More than a third of the CEOs polled by the Business Council said they believe “new industries not yet on the radar” would be a key source of future job creation.
And asked where they thought the already dismal U.S. jobless rate was headed this year, nearly three out four executives said it would either stay pretty much where it is or head higher.
The survey found what the Business Council characterized as a “leveling off of expectations” among CEOS following an encouraging jump in sentiment last fall.
Asked for their outlook on their own industries over the next six months, 60.8 percent of the CEOs said they expected things to improve, down from 62.9 percent in the survey conducted last fall. Even so, not a single CEO expressed optimism that his or her own industry would improve “substantially” over the next six months - and 36.5 percent said they expected no change, up from 31.4 percent in the last survey.

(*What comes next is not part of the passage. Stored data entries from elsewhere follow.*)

text \<open>Insert \<open>\<integral> k = 1\<close>, swap the integrals and translate along \<open>V\<close>: this moves \<open>s x\<close> from
  \<open>k\<close> into the argument of \<open>g\<close>, which then integrates to \<open>\<integral> g\<close>.\<close>
lemma nn_integral_factor_along_line:
  fixes s :: "'a::euclidean_space \<Rightarrow> real" and G :: "'a \<Rightarrow> ennreal" and g k :: "real \<Rightarrow> ennreal"
  assumes [measurable]: "s \<in> borel_measurable borel" "G \<in> borel_measurable borel"
      "g \<in> borel_measurable borel" "k \<in> borel_measurable borel"
    and s_shift: "\<And>x t. s (t *\<^sub>R V + x) = t + s x"
    and G_shift: "\<And>x t. G (t *\<^sub>R V + x) = G x"
    and k_prob: "(\<integral>\<^sup>+t. k t \<partial>lborel) = 1"
  shows "(\<integral>\<^sup>+x. g (s x) * G x \<partial>lborel)
       = (\<integral>\<^sup>+t. g t \<partial>lborel) * (\<integral>\<^sup>+x. k (s x) * G x \<partial>lborel)"
proof -
  have "(\<integral>\<^sup>+x. g (s x) * G x \<partial>lborel)
      = (\<integral>\<^sup>+x. (\<integral>\<^sup>+t. g (s x) * G x * k (s x + t) \<partial>lborel) \<partial>lborel)"
    by (simp add: nn_integral_cmult nn_integral_lborel_translate k_prob)
  also have "\<dots> = (\<integral>\<^sup>+t. (\<integral>\<^sup>+x. g (s x) * G x * k (s x + t) \<partial>lborel) \<partial>lborel)"
    by (subst lborel_pair.Fubini') (auto simp: case_prod_unfold cong: measurable_cong_sets)
  also have "\<dots> = (\<integral>\<^sup>+t. (\<integral>\<^sup>+x. g (s x - t) * G x * k (s x) \<partial>lborel) \<partial>lborel)"
  proof (rule nn_integral_cong)
    fix t
    have "(\<integral>\<^sup>+x. g (s x) * G x * k (s x + t) \<partial>lborel)
        = (\<integral>\<^sup>+x. g (s ((- t) *\<^sub>R V + x)) * G ((- t) *\<^sub>R V + x) * k (s ((- t) *\<^sub>R V + x) + t) \<partial>lborel)"
      by (rule nn_integral_lborel_translate[symmetric]) measurable
    then show "(\<integral>\<^sup>+x. g (s x) * G x * k (s x + t) \<partial>lborel)
        = (\<integral>\<^sup>+x. g (s x - t) * G x * k (s x) \<partial>lborel)"
      unfolding s_shift G_shift by simp
  qed
  also have "\<dots> = (\<integral>\<^sup>+x. (\<integral>\<^sup>+t. g (s x - t) * (k (s x) * G x) \<partial>lborel) \<partial>lborel)"
    by (subst lborel_pair.Fubini') (auto simp: case_prod_unfold mult_ac cong: measurable_cong_sets)
  also have "\<dots> = (\<integral>\<^sup>+x. (\<integral>\<^sup>+t. g (s x - t) \<partial>lborel) * (k (s x) * G x) \<partial>lborel)"
    by (simp add: nn_integral_multc)
  also have "\<dots> = (\<integral>\<^sup>+t. g t \<partial>lborel) * (\<integral>\<^sup>+x. k (s x) * G x \<partial>lborel)"
    by (simp add: nn_integral_lborel_reflect nn_integral_cmult)
  finally show ?thesis .
qed

text \<open>The hypotheses make \<open>f / (h \<circ> s)\<close> constant along \<open>V\<close>, so the factorisation above
  shows that the law of \<open>s\<close> under the normalised \<open>f\<close> is \<open>h\<close>.\<close>
lemma distr_density_equivariant_coordinate:
  fixes f :: "'a::euclidean_space \<Rightarrow> real" and s :: "'a \<Rightarrow> real" and h :: "real \<Rightarrow> real"
  assumes [measurable]: "f \<in> borel_measurable borel" "s \<in> borel_measurable borel"
      "h \<in> borel_measurable borel"
    and f_nonneg: "\<And>x. 0 \<le> f x" and h_pos: "\<And>t. 0 < h t"
    and h_prob: "(\<integral>\<^sup>+t. ennreal (h t) \<partial>lborel) = 1"
    and f_int: "(\<integral>\<^sup>+x. ennreal (f x) \<partial>lborel) = ennreal Z" and Z_pos: "0 < Z"
    and s_shift: "\<And>x t. s (t *\<^sub>R V + x) = t + s x"
    and f_shift: "\<And>x t. f (t *\<^sub>R V + x) * h (s x) = f x * h (t + s x)"
  shows "distr (density lborel (\<lambda>x. ennreal (f x / Z))) lborel s = density lborel (\<lambda>t. ennreal (h t))"
proof (rule measure_eqI)
  define G where "G x = ennreal (f x / (h (s x) * Z))" for x
  have [measurable]: "G \<in> borel_measurable borel"
    unfolding G_def by measurable
  have f_eq: "ennreal (f x / Z) = ennreal (h (s x)) * G x" for x
    unfolding G_def using h_pos[of "s x"] Z_pos f_nonneg[of x]
    by (simp add: ennreal_mult[symmetric] field_simps)
  have G_shift: "G (t *\<^sub>R V + x) = G x" for t x
  proof -
    have "f (t *\<^sub>R V + x) = f x * h (t + s x) / h (s x)"
      using f_shift[of t x] h_pos[of "s x"] by (simp add: eq_divide_eq)
    then show ?thesis
      using h_pos[of "s x"] h_pos[of "t + s x"] by (simp add: G_def s_shift)
  qed
  have G_int: "(\<integral>\<^sup>+x. ennreal (h (s x)) * G x \<partial>lborel) = 1"
  proof -
    have "(\<integral>\<^sup>+x. ennreal (h (s x)) * G x \<partial>lborel) = (\<integral>\<^sup>+x. ennreal (f x) * ennreal (1 / Z) \<partial>lborel)"
      using Z_pos f_nonneg by (simp add: f_eq[symmetric] ennreal_mult[symmetric])
    also have "\<dots> = 1"
      using Z_pos by (simp add: nn_integral_multc f_int ennreal_mult[symmetric])
    finally show ?thesis .
  qed
  fix A assume "A \<in> sets (distr (density lborel (\<lambda>x. ennreal (f x / Z))) lborel s)"
  then have [measurable]: "A \<in> sets borel" by simp
  have preimage: "s -` A \<in> sets lborel"
    using measurable_sets_borel[of s borel A] by simp
  have "emeasure (distr (density lborel (\<lambda>x. ennreal (f x / Z))) lborel s) A
      = (\<integral>\<^sup>+x. (indicator A (s x) * ennreal (h (s x))) * G x \<partial>lborel)"
    using preimage
    by (simp add: emeasure_distr emeasure_density f_eq mult_ac indicator_vimage[symmetric]
        cong: measurable_cong_sets)
  also have "\<dots> = (\<integral>\<^sup>+t. indicator A t * ennreal (h t) \<partial>lborel)"
    by (subst nn_integral_factor_along_line[where g="\<lambda>t. indicator A t * ennreal (h t)",
          OF _ _ _ _ s_shift G_shift h_prob]) (simp_all add: G_int)
  finally show "emeasure (distr (density lborel (\<lambda>x. ennreal (f x / Z))) lborel s) A
      = emeasure (density lborel (\<lambda>t. ennreal (h t))) A"
    by (simp add: emeasure_density mult.commute)
qed simp

lemma maximiser_equivariant_coordinate_eq_0:
  fixes f :: "'a::real_vector \<Rightarrow> real" and s :: "'a \<Rightarrow> real" and h :: "real \<Rightarrow> real"
  assumes h_pos: "\<And>t. 0 < h t" and h_peak: "\<And>t. t \<noteq> 0 \<Longrightarrow> h t < h 0"
    and f_shift: "\<And>x t. f (t *\<^sub>R V + x) * h (s x) = f x * h (t + s x)"
    and max: "\<And>x. f x \<le> f xm" and f_pos: "\<exists>x. 0 < f x"
  shows "s xm = 0"
proof (rule ccontr)
  have pos: "0 < f xm"
    using f_pos max by (meson less_le_trans)
  assume "s xm \<noteq> 0"
  then have "f xm * h (s xm) < f xm * h 0"
    using h_peak pos by simp
  also have "\<dots> = f ((- s xm) *\<^sub>R V + xm) * h (s xm)"
    using f_shift[of "- s xm" xm] by simp
  finally have "f xm < f ((- s xm) *\<^sub>R V + xm)"
    using h_pos[of "s xm"] by simp
  with max show False
    by (meson not_le)
qed

lemma nn_integral_normal_density:
  assumes "0 < \<sigma>"
  shows "(\<integral>\<^sup>+x. ennreal (normal_density \<mu> \<sigma> x) \<partial>lborel) = 1"
  using prob_space.emeasure_space_1[OF prob_space_normal_density] assms
  by (simp add: emeasure_density)

lemma normal_density_less_mean:
  assumes "0 < \<sigma>" "x \<noteq> \<mu>"
  shows "normal_density \<mu> \<sigma> x < normal_density \<mu> \<sigma> \<mu>"
proof -
  have "exp (- ((x - \<mu>)\<^sup>2 / (2 * \<sigma>\<^sup>2))) < 1"
    using assms by simp
  then show ?thesis
    using assms by (simp add: normal_density_def divide_strict_right_mono)
qed

lemma prod_normal_density:
  assumes "finite I"
  shows "(\<Prod>i\<in>I. normal_density 0 \<sigma> (y i))
       = (1 / sqrt (2 * pi * \<sigma>\<^sup>2)) ^ card I * exp (- (\<Sum>i\<in>I. (y i)\<^sup>2) / (2 * \<sigma>\<^sup>2))"
proof -
  have "(\<Prod>i\<in>I. normal_density 0 \<sigma> (y i))
      = (\<Prod>i\<in>I. 1 / sqrt (2 * pi * \<sigma>\<^sup>2) * exp (- (y i)\<^sup>2 / (2 * \<sigma>\<^sup>2)))"
    by (simp add: normal_density_def)
  also have "\<dots> = (1 / sqrt (2 * pi * \<sigma>\<^sup>2)) ^ card I * exp (\<Sum>i\<in>I. - (y i)\<^sup>2 / (2 * \<sigma>\<^sup>2))"
    by (simp only: prod.distrib prod_constant exp_sum[OF assms])
  finally show ?thesis
    by (simp add: sum_negf sum_divide_distrib)
qed

lemma normal_density_row_translate:
  fixes w c :: "real^'m::finite" and b c0 t :: real
  assumes unit: "c0\<^sup>2 + (\<Sum>i\<in>UNIV. (c$i)\<^sup>2) = 1"
  defines "s \<equiv> (\<Sum>i\<in>UNIV. c$i * w$i) - c0 * b"
  shows "(\<Prod>i\<in>UNIV. normal_density 0 \<sigma> (w$i + t * c$i)) * normal_density 0 \<sigma> (b - t * c0)
           * normal_density 0 \<sigma> s
       = (\<Prod>i\<in>UNIV. normal_density 0 \<sigma> (w$i)) * normal_density 0 \<sigma> b * normal_density 0 \<sigma> (t + s)"
proof -
  define K D where "K = 1 / sqrt (2 * pi * \<sigma>\<^sup>2)" and "D = 2 * \<sigma>\<^sup>2"
  have gauss: "(\<Prod>i\<in>UNIV. normal_density 0 \<sigma> (y$i)) * normal_density 0 \<sigma> u * normal_density 0 \<sigma> v
      = K ^ (CARD('m) + 2) * exp (- ((\<Sum>i\<in>UNIV. (y$i)\<^sup>2) + u\<^sup>2 + v\<^sup>2) / D)" for y :: "real^'m" and u v
  proof -
    have "(\<Prod>i\<in>UNIV. normal_density 0 \<sigma> (y$i)) * normal_density 0 \<sigma> u * normal_density 0 \<sigma> v
        = K ^ CARD('m) * exp (- (\<Sum>i\<in>UNIV. (y$i)\<^sup>2) / D) * (K * exp (- u\<^sup>2 / D))
            * (K * exp (- v\<^sup>2 / D))"
      unfolding K_def D_def prod_normal_density[OF finite_class.finite_UNIV] by (simp add: normal_density_def)
    also have "\<dots> = K ^ (CARD('m) + 2) * (exp (- (\<Sum>i\<in>UNIV. (y$i)\<^sup>2) / D) * exp (- u\<^sup>2 / D)
            * exp (- v\<^sup>2 / D))"
      by (simp add: power_add power2_eq_square mult_ac)
    also have "exp (- (\<Sum>i\<in>UNIV. (y$i)\<^sup>2) / D) * exp (- u\<^sup>2 / D) * exp (- v\<^sup>2 / D)
        = exp (- ((\<Sum>i\<in>UNIV. (y$i)\<^sup>2) + u\<^sup>2 + v\<^sup>2) / D)"
      by (simp add: exp_add[symmetric] add_divide_distrib diff_divide_distrib)
    finally show ?thesis .
  qed
  have sq_c: "(\<Sum>i\<in>UNIV. (c$i)\<^sup>2) = 1 - c0\<^sup>2"
    using unit by simp
  have "(\<Sum>i\<in>UNIV. (w$i + t * c$i)\<^sup>2)
      = (\<Sum>i\<in>UNIV. (w$i)\<^sup>2) + 2 * t * (\<Sum>i\<in>UNIV. c$i * w$i) + t\<^sup>2 * (1 - c0\<^sup>2)"
    unfolding sq_c[symmetric]
    by (simp add: power2_sum sum.distrib sum_distrib_left algebra_simps power_mult_distrib)
  then have "(\<Sum>i\<in>UNIV. (w$i + t * c$i)\<^sup>2) + (b - t * c0)\<^sup>2 + s\<^sup>2
      = (\<Sum>i\<in>UNIV. (w$i)\<^sup>2) + b\<^sup>2 + (t + s)\<^sup>2"
    unfolding s_def by (simp add: algebra_simps power2_eq_square)
  then show ?thesis
    using gauss[of "\<chi> i. w$i + t * c$i" "b - t * c0" s] gauss[of w b "t + s"] by simp
qed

The survey was released on Thursday, at the beginning of a two-day meeting of the Business Council’s CEO members at a resort in this Florida beach town, located north of Miami.
The group meets twice a year for what are reportedly free-wheeling explorations of current business issues featuring panels of executives, policymakers and academics. The events are closed to the media, although reporters show up anyway for a chance to interview the CEOs between sessions.
The focus of this get-together is jobs and the economy. Scheduled panelists and speakers included Dell Inc DELL.O founder Michael Dell, Verizon Communications (VZ.N) CEO Ivan Seidenberg, Goldman Sachs Group Inc (GS.N) CEO Lloyd Blankfein and Ford Motor Co (F.N) CEO Alan Mulally, as well as White House economic advisor Austan Goolsbee.
Because of a crippling snow storm on the East Coast, however, it is not clear how many of the panelists will actually attend.
In the survey conducted earlier this month, CEOs were asked to forecast where a number of closely watched U.S. economic indicators were headed this year, including the jobless rate and GDP growth.
The overwhelming majority - 74.3 percent - said they believed the unemployment rate would remain above 9.6 percent in 2010.
Little wonder: In the separate question on the survey asking the CEOs where they might bring on new workers, “markets outside the U.S.” was the No. 1 choice.
The reason: Only 6.8 percent of the CEOs surveyed believe the U.S. economy will grow at a rate of 3.1 percent or more in 2010.
But not all overseas markets are looking attractive. While most of the executives say they are bullish on growth prospects in China and the rest of Asia, only 36 percent reported improving conditions in Europe. “These results suggest that the near-term rebound in Europe is not gaining momentum,” the Business Council said.
The Business Council’s membership includes the top executives of over 100 U.S. companies, including nearly every member of the Dow Jones industrial average.